Second, how likely would it be, given the current and expected future data sourcing, to encounter multiple records with different information (identifier fields or otherwise) for the same real-life instance? In other words, Is there anything to master? For example, it would be rare to find two or more records for the same claim in any combination of payor data extracts. A Humana claim will not be found in a Cigna data feed, nor is it likely (though perhaps not impossible) for a claim in one Humana extract to be found “again” under a different identifier in another Humana extract. The vast majority of source system concepts are excluded from mastering under this rationale.
Third, if a particular concept were not mastered, how would the resulting analytic deliverables be affected in terms of accuracy and usefulness? For example, it might be the case that there are no current plans to use a particular concept – say, employer – in which case it would be defensible to save the effort of mastering.
An extreme version of this third criterion – which does arise from time to time – is a requirement that certain concepts should not be mastered.

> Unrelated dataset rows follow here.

lemma subst_ser_inverse:
  assumes S: "\<And>w. S w \<noteq> 0 \<Longrightarrow> w \<in> lists A"
  shows "subst_ser B M' (subst_ser A M S) = S"
proof
  fix u
  show "subst_ser B M' (subst_ser A M S) u = S u"
  proof (cases "u \<in> lists A")
    case False
    then have "subst_ser B M' (subst_ser A M S) u = 0" using L'.subst_ser_support by blast
    then show ?thesis using S False by fastforce
  next
    case u: True
    let ?V = "(\<Union>x\<in>L'.pre u. L.pre x) \<union> {u}"
    have finite_V: "finite ?V" using L.finite_pre L'.finite_pre by auto
    have "subst_ser B M' (subst_ser A M S) u =
          (\<Sum>x\<in>L'.pre u. \<Sum>v\<in>L.pre x. S v * subst_coeff M v x * subst_coeff M' x u)"
      by (simp add: subst_ser_def sum_distrib_right)
    also have "\<dots> = (\<Sum>v\<in>?V. \<Sum>x\<in>L.img v. S v * subst_coeff M v x * subst_coeff M' x u)"
    proof (rule sum_swap_on_support[OF L'.finite_pre L.finite_pre finite_V])
      show "finite (L.img v)" if "v \<in> ?V" for v
        using that L.finite_img u by (auto simp: pre_words_def)
      fix x v assume "S v * subst_coeff M v x * subst_coeff M' x u \<noteq> 0"
      then have "v \<in> lists A" "subst_coeff M v x \<noteq> 0" "subst_coeff M' x u \<noteq> 0" using S by auto
      moreover from this have "x \<in> lists B" using L.subst_coeff_in_lists by blast
      ultimately show "x \<in> L'.pre u \<and> v \<in> L.pre x \<longleftrightarrow> v \<in> ?V \<and> x \<in> L.img v"
        by (auto simp: pre_words_def img_words_def)
    qed
    also have "\<dots> = (\<Sum>v\<in>?V. if v = u then S v else 0)"
    proof (rule sum.cong[OF refl])
      fix v
      show "(\<Sum>x\<in>L.img v. S v * subst_coeff M v x * subst_coeff M' x u) = (if v = u then S v else 0)"
        using sum_subst_coeff_inverse[of v u] u S
        by (cases "S v = 0") (auto simp: sum_distrib_left[symmetric] mult.assoc)
    qed
    also have "\<dots> = S u" using finite_V by (simp add: sum.delta)
    finally show ?thesis .
  qed
qed

end

lemma subfield_sum: "is_subfield K \<Longrightarrow> (\<And>i. i \<in> I \<Longrightarrow> f i \<in> K) \<Longrightarrow> sum f I \<in> K"
  by (induction I rule: infinite_finite_induct) (simp_all add: is_subfield_def)

lemma subfield_power: "is_subfield K \<Longrightarrow> x \<in> K \<Longrightarrow> x ^ n \<in> K"
  by (induction n) (auto simp: is_subfield_def)

lemma subfield_of_nat: "is_subfield K \<Longrightarrow> of_nat n \<in> K"
  by (induction n) (auto simp: is_subfield_def)

lemma subfield_divide: "is_subfield K \<Longrightarrow> x \<in> K \<Longrightarrow> y \<in> K \<Longrightarrow> x / y \<in> K"
  unfolding divide_inverse is_subfield_def by (cases "y = 0") auto

lemma subst_coeff_in_subfield:
  "is_subfield K \<Longrightarrow> (\<And>a b. a \<in> A \<Longrightarrow> M a b \<in> K) \<Longrightarrow> v \<in> lists A \<Longrightarrow> subst_coeff M v x \<in> K"
  by (induction M v x rule: subst_coeff.induct) (auto simp: is_subfield_def)

lemma subst_ser_in_subfield:
  assumes K: "is_subfield K" and "\<And>a b. a \<in> A \<Longrightarrow> M a b \<in> K" and "\<And>w. S w \<in> K"
  shows "subst_ser A M S x \<in> K"
  unfolding subst_ser_def
proof (rule subfield_sum[OF K])
  fix v assume "v \<in> pre_words A M x"
  then have "subst_coeff M v x \<in> K"
    using subst_coeff_in_subfield[OF K] assms(2) by (auto simp: pre_words_def)
  then show "S v * subst_coeff M v x \<in> K" using assms(3)[of v] K by (simp add: is_subfield_def)
qed

lemma (in letter_subst) subst_ser_in_ser:
  assumes "is_subfield K" and "\<And>a b. a \<in> A \<Longrightarrow> M a b \<in> K" and "S \<in> ser K A"
  shows "\<Phi> S \<in> ser K B"
  unfolding ser_def mem_Collect_eq
proof (intro allI conjI impI)
  fix x
  show "\<Phi> S x \<in> K" using assms by (intro subst_ser_in_subfield) (auto simp: ser_def)
  show "x \<in> lists B" if "\<Phi> S x \<noteq> 0" using that by (rule subst_ser_support)
qed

For example, consider a data environment containing data from multiple payor organizations, in which new analytics needed to mirror certain legacy reports currently in use within those organizations; using patient mastering to draw together claims for the same patient but originating from different payors data extracts would likely produce results that disagreed with those legacy reports. So even though mastering would yield a more complete picture of the patient’s utilization and clinical history, the usefulness of the resulting analytics might actually suffer.
Key Diagnostics / Heuristics
For each candidate source system concept being considered for mastering, is there a dedicated object in the destination data model to store some or all instances of that concept? If not, that candidate concept should probably not be mastered.
For each candidate source system concept being considered for mastering, how likely would it be, given the current and expected future data sourcing, to encounter multiple records with different information (identifier fields or otherwise) for the same real-life instance? The more likely it is to encounter such records, the more important it is to master that concept.
For each candidate source system concept being considered for mastering, if it were not mastered, how would the resulting analytic deliverables be affected in terms of accuracy and usefulness? The more accuracy and usefulness are improved by mastering, the more important it is to master that concept.
As a general rule, patients and providers should usually be mastered. Even if there is only one data source, that source might contain duplicative records for the same patient or provider with different identifiers.
Is the concept in question considered more a “fact” or “dimension” (using the fact vs. dimension distinction commonly used to organize data warehouse tables)? Mastering should primarily be considered for dimensions; mastering is seldom needed for facts. (Note that even if different fact records describe the same real-life event in a patient’s life – in the way, perhaps, an office visit might generate an appointment record in a scheduling system and a bill record in a billing system – it is usually more appropriate to consider those records to reflect different types of real-life events – e.g., the event of scheduling an appointment and the event of generating a bill – for which mastering would therefore not be appropriate.)